Ahmed Oumar Al-Fitouri Al-Dabbashi, nicknamed Ammu, was killed in the western city of Sabratha when security forces raided his hideout. The raid came in response to an attack on a security outpost by Al-Dabbashi’s militia, which left six members of the security forces severely wounded, according to a statement issued by the Security Threat Enforcement Agency, a security entity affiliated with Libya’s western government.
Al-Dabbashi, who was also sanctioned by the US Treasury for trafficking, was the leader of a powerful militia, the “Brigade of the Martyr Anas Al-Dabbashi,” in Sabratha, the biggest launching point in Libya for Europe-bound African migrants.
Al-Dabbashi’s brother Saleh Al-Dabbashi, another alleged trafficker, was arrested in the same raid, added the statement.

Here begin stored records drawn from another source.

(* Let $n\ge 2$ (in particular $n\ge3$), let $0<\varepsilon<1$ and let $K_{\varepsilon}$ be the body of revolution about the $x_n$-axis in $\mathbb{R}^n$ whose radial function is $\rho_{K_\varepsilon}(\phi)=(1+\varepsilon\cos^3\phi)^{-1/3}$, where $0\le\phi\le\pi$ is the angle with the positive $x_n$-axis; equivalently $\rho_{K_\varepsilon}(x)=(|x|^3+\varepsilon x_n^3)^{-1/3}$ for $x=(x_1,\dots,x_n)\in\mathbb{R}^n\setminus\{o\}$. Then $\rho_{K_\varepsilon}\in C^\infty(S^{n-1})$, the body $K_\varepsilon$ is not centrally symmetric, and there is a positive $\varepsilon_0\le 1$ such that $K_\varepsilon$ is convex for all $0<\varepsilon<\varepsilon_0$.
   Context: For a body $K$ star-shaped with respect to the origin and containing it in its interior, the radial function is $\rho_K(x)=\max\{c\in\mathbb{R}: cx\in K\}$, $x\ne o$ (homogeneous of degree $-1$); the body is determined by $\rho_K$ on $S^{n-1}$ via $K=\{x: x=o \text{ or } \rho_K(x)\ge 1\}$. A set is centrally symmetric if it is a translate of a set $X$ with $X=-X$. *)

theory Defs
  imports "HOL-Analysis.Analysis"
begin

text \<open>C-infinity on an open set S of R^n (real valued): all iterated partial derivatives
  exist on S and are continuous on S.  D [i_k,...,i_1] is the partial derivative
  d_{i_k} ... d_{i_1} f.\<close>
definition smooth_on :: "(real^'n) set \<Rightarrow> (real^'n \<Rightarrow> real) \<Rightarrow> bool" where
  "smooth_on S f \<longleftrightarrow>
     (\<exists>D :: 'n list \<Rightarrow> real^'n \<Rightarrow> real.
        (\<forall>x\<in>S. D [] x = f x) \<and>
        (\<forall>is. continuous_on S (D is)) \<and>
        (\<forall>is i. \<forall>x\<in>S.
           ((\<lambda>t. D is (x + t *\<^sub>R axis i 1)) has_real_derivative D (i # is) x) (at 0)))"

text \<open>The radial function of K_eps, axis of revolution = coordinate axis a.\<close>
definition rhoK :: "'n \<Rightarrow> real \<Rightarrow> real^'n \<Rightarrow> real" where
  "rhoK a \<epsilon> x = (norm x ^ 3 + \<epsilon> * (x $ a) ^ 3) powr (-1/3)"

definition Keps :: "'n \<Rightarrow> real \<Rightarrow> (real^'n) set" where
  "Keps a \<epsilon> = {x. x = 0 \<or> rhoK a \<epsilon> x \<ge> 1}"

definition centrally_symmetric :: "('a::real_vector) set \<Rightarrow> bool" where
  "centrally_symmetric K \<longleftrightarrow> (\<exists>c X. X = uminus ` X \<and> K = (\<lambda>x. c + x) ` X)"

end

theory Submission
  imports Defs
begin

text \<open>Put Q(x) = |x|^3 + \<epsilon> x_a^3, the cube of the gauge of K: then \<rho> = Q^(-1/3) and K = {Q \<le> 1}.
  Smoothness: \<partial>_i \<rho> = -\<rho>^4 (|x| x_i + \<epsilon> \<delta>_ia x_a^2), so the polynomials in the coordinates,
  |x|, 1/|x| and \<rho> form a class that contains \<rho> and is closed under partial differentiation.
  Convexity: for \<epsilon> \<le> 1/18 the remainder of the tangent expansion of |x|^3 dominates that of
  \<epsilon> x_a^3, so Q lies above its tangent planes, hence is convex, and K is a sublevel set of Q.
  Asymmetry: reflection in a centre c would map a boundary point of K to a point with Q > 1.
  If c_a = 0, take the lowest point -t e_a, (1 - \<epsilon>) t^3 = 1, whose image has height t;
  otherwise take a point \<plusminus>e_j of the equator, whose image has |x_j| \<ge> 1 and x_a \<noteq> 0.\<close>

definition gauge_cube :: "'n \<Rightarrow> real \<Rightarrow> real^'n \<Rightarrow> real" where
  "gauge_cube a e x = norm x ^ 3 + e * (x $ a) ^ 3"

In June 2018, the UN Security Council imposed sanctions on Al-Dabbashi, along with another five Libyan traffickers. At the time, the UN report said that there was enough evidence that Al-Dabbashi’s militia controlled departure areas for migrants, camps, safe houses and boats.
Al-Dabbashi himself exposed migrants, including children, to “fatal circumstances” on land and at sea, and of threatening peace and stability in Libya and neighboring countries, according to the same report.
Al-Dabbashi was also sanctioned by the US Treasury for the same reason.
Libya has been a main transit point for migrants fleeing war and poverty in Africa and the Middle East. The country was plunged into chaos following a NATO-backed uprising that toppled and killed longtime autocrat Muammar Qaddafi in 2011.
The country has been fragmented for years between rival administrations based in the east and the west of Libya, each backed by various armed militias and foreign governments.